Yesterday, we discussed all-wheel drive (AWD). Our family recently acquired a vehicle with this feature for Mrs. Family Trivium, while her old four-wheel drive (4WD) vehicle was handed down to Mr. Family Trivium.
Turning again to Dictionary.com, we find four-wheel drive to be defined as “a drive system in which engine power is transmitted to all four wheels for improved traction,” with the term first known to have been used between 1925 and 1930.
We look back to our post on AWD, and Dictionary.com’s definition: “a system used in motor vehicles in which all four (or more) wheels are permanently connected to the source of power, in such a way that each wheel is able to rotate at a different speed.” We see that the difference is that AWD is permanent and allows each wheel to rotate at different speeds.

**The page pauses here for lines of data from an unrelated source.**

lemma Spi_subset_Gset: "l > 0 \<Longrightarrow> Spi l m \<pi> \<rho> \<subseteq> Gset l m"
  by (auto simp: Spi_def S0_def Szpi_def Gset_def Z2m_star_def)

lemma induced_deg_gadd:
  assumes l: "l > 0" and v: "v \<in> Gset l m" and s: "s \<in> Spi l m \<pi> \<rho>"
  shows "induced_deg l m \<pi> \<rho> v (gadd l v s) = card {t \<in> Spi l m \<pi> \<rho>. gsub l t s \<in> Spi l m \<pi> \<rho>}"
proof -
  let ?S = "Spi l m \<pi> \<rho>"
  let ?D = "{t \<in> ?S. gsub l t s \<in> ?S}"
  have SG: "?S \<subseteq> Gset l m" using Spi_subset_Gset l .
  have "{w \<in> nbhd l m \<pi> \<rho> v. cay_adj l m \<pi> \<rho> (gadd l v s) w} = gadd l v ` ?D"
  proof (intro set_eqI iffI)
    fix w assume "w \<in> {w \<in> nbhd l m \<pi> \<rho> v. cay_adj l m \<pi> \<rho> (gadd l v s) w}"
    then have "w \<in> Gset l m" "gsub l w v \<in> ?S" "gsub l w (gadd l v s) \<in> ?S"
      by (auto simp: nbhd_def cay_adj_def)
    then show "w \<in> gadd l v ` ?D"
      by (metis (no_types, lifting) gadd_gsub_cancel gsub_gadd_gadd image_eqI mem_Collect_eq)
  next
    fix w assume "w \<in> gadd l v ` ?D"
    then obtain t where t: "t \<in> ?D" and w: "w = gadd l v t" by blast
    have tG: "t \<in> Gset l m" using t SG by blast
    have "w \<in> Gset l m" "gadd l v s \<in> Gset l m" "gsub l w v = t"
      using w s SG gadd_mem_Gset[OF l v] gsub_gadd_cancel[OF tG] tG by blast+
    then show "w \<in> {w \<in> nbhd l m \<pi> \<rho> v. cay_adj l m \<pi> \<rho> (gadd l v s) w}"
      using t v w gsub_gadd_gadd[of l v t s] by (simp add: nbhd_def cay_adj_def)
  qed
  moreover have "inj_on (gadd l v) ?D"
    by (rule inj_on_inverseI[where g = "\<lambda>w. gsub l w v"]) (use SG gsub_gadd_cancel in blast)
  ultimately show ?thesis unfolding induced_deg_def by (simp add: card_image)
qed

lemma card_S0:
  assumes "l > 0"
  shows "card (S0 l m :: (int \<times> nat set \<times> 'a::zero) set) = l * 2 ^ m - 1"
proof -
  let ?P = "{0..<int l} \<times> Pow {..<m} - {(0, {})}"
  have "(S0 l m :: (int \<times> nat set \<times> 'a) set) = (\<lambda>(a, z). (a, z, 0)) ` ?P"
    unfolding S0_def Z2m_def by auto
  moreover have "inj_on (\<lambda>(a, z). (a, z, 0::'a)) ?P" by (auto simp: inj_on_def)
  ultimately show ?thesis
    using assms by (simp add: card_image card_Diff_singleton card_cartesian_product card_Pow)
qed

locale cayley_connection = cyclotomy n \<rho> N for n :: nat and \<rho> :: "'a::{field,finite}" and N +
  fixes l m :: nat and \<pi> :: "nat set \<Rightarrow> nat"
  assumes l_pos: "l > 0" and n_eq: "n = 2 ^ m - 1"
    and bij: "bij_betw \<pi> (Z2m_star m) {..<n}"
begin

lemma pi_less: "z \<in> Z2m_star m \<Longrightarrow> \<pi> z < n"
  using bij by (auto simp: bij_betw_def)

lemma cclass_pi_unique:
  "z \<in> Z2m_star m \<Longrightarrow> w \<in> Z2m_star m \<Longrightarrow> y \<in> cclass (\<pi> z) \<Longrightarrow> y \<in> cclass (\<pi> w) \<Longrightarrow> z = w"
  using bij cclass_unique by (auto simp: bij_betw_def inj_on_def)

lemma mem_Szpi_iff:
  assumes h: "h \<in> Z2m_star m"
  shows "(a, z, y) \<in> Szpi m \<pi> \<rho> h \<longleftrightarrow> a = 0 \<and> z = h \<and> y \<in> cclass (\<pi> h)"
proof -
  have "(a, z, y) \<in> Szpi m \<pi> \<rho> h \<longleftrightarrow>
      a = 0 \<and> z = h \<and> (\<exists>j. y = \<rho> powi j \<and> [j = int (\<pi> h)] (mod int n))"
    unfolding Szpi_def n_eq by blast
  moreover have "(\<exists>j. y = \<rho> powi j \<and> [j = int (\<pi> h)] (mod int n)) \<longleftrightarrow> y \<in> cclass (\<pi> h)"
  proof
    assume "y \<in> cclass (\<pi> h)"
    then obtain k where "y = \<rho> powi int k" "k mod n = \<pi> h"
      unfolding cclass_def by (auto simp: power_int_of_nat)
    moreover have "[int k = int (\<pi> h)] (mod int n)"
      using \<open>k mod n = \<pi> h\<close> pi_less[OF h] by (simp add: cong_def flip: of_nat_mod)
    ultimately show "\<exists>j. y = \<rho> powi j \<and> [j = int (\<pi> h)] (mod int n)" by blast
  next
    assume "\<exists>j. y = \<rho> powi j \<and> [j = int (\<pi> h)] (mod int n)"
    then show "y \<in> cclass (\<pi> h)" using power_int_mem_cclass_iff[OF pi_less[OF h]] by auto
  qed
  ultimately show ?thesis by simp
qed

lemma mem_Spi_iff:
  "(a, z, y) \<in> Spi l m \<pi> \<rho> \<longleftrightarrow>
    (if y = 0 then 0 \<le> a \<and> a < int l \<and> z \<in> Z2m m \<and> (a, z) \<noteq> (0, {})
     else a = 0 \<and> z \<in> Z2m_star m \<and> y \<in> cclass (\<pi> z))"
proof -
  have "(a, z, y) \<in> S0 l m \<longleftrightarrow> y = 0 \<and> 0 \<le> a \<and> a < int l \<and> z \<in> Z2m m \<and> (a, z) \<noteq> (0, {})"
    unfolding S0_def by simp
  moreover have "(a, z, y) \<in> (\<Union>h \<in> Z2m_star m. Szpi m \<pi> \<rho> h) \<longleftrightarrow>
      a = 0 \<and> z \<in> Z2m_star m \<and> y \<in> cclass (\<pi> z)"
    by (simp add: mem_Szpi_iff)
  ultimately show ?thesis unfolding Spi_def Un_iff by (simp add: zero_notin_cclass)
qed

lemma mem_Spi_shift_S0_iff:
  assumes s: "(b, w, 0) \<in> S0 l m"
  shows "(c, w', y) \<in> Spi l m \<pi> \<rho> \<and> ((c - b) mod int l, zadd w' w, y) \<in> Spi l m \<pi> \<rho> \<longleftrightarrow>
      (c, w', y) \<in> S0 l m \<and> (c, w', y) \<noteq> (b, w, 0)"
proof -
  have b: "0 \<le> b" "b < int l" and w: "w \<in> Z2m m" and s_nonzero: "(b, w) \<noteq> (0, {})"
    using s by (simp_all add: S0_def)
  show ?thesis
  proof (cases "y = 0")
    case True
    have "(c - b) mod int l = 0 \<and> zadd w' w = {} \<longleftrightarrow> c = b \<and> w' = w" if "0 \<le> c" "c < int l"
      using mod_diff_eq_0_iff[OF b that] by (simp add: zadd_eq_empty_iff)
    then show ?thesis
      using True b w l_pos by (auto simp: mem_Spi_iff S0_def zadd_Z2m)
  next
    case False
    have "\<not> ((c, w', y) \<in> Spi l m \<pi> \<rho> \<and> ((c - b) mod int l, zadd w' w, y) \<in> Spi l m \<pi> \<rho>)"
    proof
      assume "(c, w', y) \<in> Spi l m \<pi> \<rho> \<and> ((c - b) mod int l, zadd w' w, y) \<in> Spi l m \<pi> \<rho>"
      then have c: "c = 0" "(c - b) mod int l = 0"
        and "w' \<in> Z2m_star m" "zadd w' w \<in> Z2m_star m" "y \<in> cclass (\<pi> w')" "y \<in> cclass (\<pi> (zadd w' w))"
        using False by (auto simp: mem_Spi_iff)
      then have "zadd w' w = w'" using cclass_pi_unique by metis
      moreover have "b = 0" using c mod_diff_eq_0_iff[of b "int l" c] b l_pos by simp
      ultimately show False using s_nonzero zadd_eq_left_iff by simp
    qed
    then show ?thesis using False by (simp add: S0_def)
  qed
qed

lemma Spi_inter_shift_S0:
  assumes s: "s \<in> S0 l m"
  shows "{t \<in> Spi l m \<pi> \<rho>. gsub l t s \<in> Spi l m \<pi> \<rho>} = S0 l m - {s}"
proof (intro set_eqI)
  obtain b w where s_eq: "s = (b, w, 0)" using s unfolding S0_def by blast
  fix t :: "int \<times> nat set \<times> 'a"
  obtain c w' y where "t = (c, w', y)" by (cases t)
  then show "t \<in> {t \<in> Spi l m \<pi> \<rho>. gsub l t s \<in> Spi l m \<pi> \<rho>} \<longleftrightarrow> t \<in> S0 l m - {s}"
    using mem_Spi_shift_S0_iff[of b w c w' y] s by (simp add: s_eq)
qed

lemma mem_Spi_shift_Szpi_iff:
  assumes g: "g \<in> Z2m_star m" and y0: "y0 \<in> cclass (\<pi> g)"
  shows "(c, w, y) \<in> Spi l m \<pi> \<rho> \<and> (c mod int l, zadd w g, y - y0) \<in> Spi l m \<pi> \<rho> \<longleftrightarrow>
      c = 0 \<and> w \<in> Z2m_star m - {g} \<and> y \<in> cclass (\<pi> w) \<and> y - y0 \<in> cclass (\<pi> (zadd w g))"
proof (cases "y = 0")
  case True
  have "\<not> ((c, w, y) \<in> Spi l m \<pi> \<rho> \<and> (c mod int l, zadd w g, y - y0) \<in> Spi l m \<pi> \<rho>)"
  proof
    assume A: "(c, w, y) \<in> Spi l m \<pi> \<rho> \<and> (c mod int l, zadd w g, y - y0) \<in> Spi l m \<pi> \<rho>"
    have "y0 \<noteq> 0" using y0 zero_notin_cclass by blast
    then have "0 \<le> c" "c < int l" "c mod int l = 0" "(c, w) \<noteq> (0, {})"
        and "zadd w g \<in> Z2m_star m" "- y0 \<in> cclass (\<pi> (zadd w g))"
      using A True by (simp_all add: mem_Spi_iff)
    then have "c = 0" "zadd w g = g"
      using cclass_pi_unique[OF _ g _ uminus_mem_cclass[OF y0]] mod_pos_pos_trivial by metis+
    then show False using \<open>(c, w) \<noteq> (0, {})\<close> zadd_eq_right_iff by simp
  qed
  then show ?thesis using True zero_notin_cclass by blast
next
  case False
  then have y_nonzero: "y \<noteq> 0" .
  show ?thesis
  proof (cases "c = 0 \<and> w \<in> Z2m_star m \<and> y \<in> cclass (\<pi> w)")
    case True
    then have t: "c = 0" "w \<in> Z2m_star m" "y \<in> cclass (\<pi> w)" by simp_all
    have "w \<in> Z2m m" "g \<in> Z2m m" using t g by (simp_all add: Z2m_star_def)
    show ?thesis
    proof (cases "y = y0")
      case True
      then have "w = g" using t g y0 cclass_pi_unique by blast
      then show ?thesis using True y_nonzero by (simp add: mem_Spi_iff zadd_eq_empty_iff zero_notin_cclass)
    next
      case False
      then show ?thesis
        using y_nonzero t \<open>w \<in> Z2m m\<close> \<open>g \<in> Z2m m\<close> by (simp add: mem_Spi_iff zadd_mem_Z2m_star_iff)
    qed
  next
    case False
    moreover from this have "(c, w, y) \<notin> Spi l m \<pi> \<rho>" using y_nonzero by (simp add: mem_Spi_iff)
    ultimately show ?thesis by blast
  qed
qed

In the case of our two vehicles, the one with 4WD has a shifter for placing it into 4WD mode (there are actually 2 4WD modes, but that is the topic of another post). When it is not in 4WD, the vehicle is rear-wheel drive (RWD). This alone would have helped with the low-traction situation at camp as the 3 growing campers and gear would have been over the drive wheels. Even in the winter, in RWD mode, this vehicle was able to get around better than Mr. Family Trivium’s outgoing FWD vehicle. Mrs. Family Trivium really only needed to put it into 4WD a few times to gain traction in winter driving, like when driving in unplowed snow over 6 inched deep. With her new vehicle, there is no need to worry about engaging a different mode as the AWD system automatically sends power to the wheels with traction.
Why would a person want a vehicle with 4WD or AWD? Our family acquired our first AWD vehicle when Mrs. Family Trivium had a job where she was expected to report for work even if there was two feet of snow on the ground – she did indeed commute through this amount snow very shortly after the purchase was made. Meanwhile, Mr. Family Trivium was home bound, but had a more flexible work schedule at that time. While Mrs. Family Trivium has since moved to a different job, she is still expected to report under all weather conditions, as is Mr. Family Trivium, who is also essentially on call 24/7-365. Working on two different ends of town, two different directions from home, carpooling is inconvenient – we’ve done it.
So 4WD and AWD can hep power through deep snow, but does it have any other uses. It certainly could have helped on the steep, muddy road into camp last month. Yes, 4WD and AWD helps us get to the places where we so enjoy recreating. Mr. Family Trivium and kids are looking forward to getting to those sometimes difficult to reach trailheads during winter break this coming school year.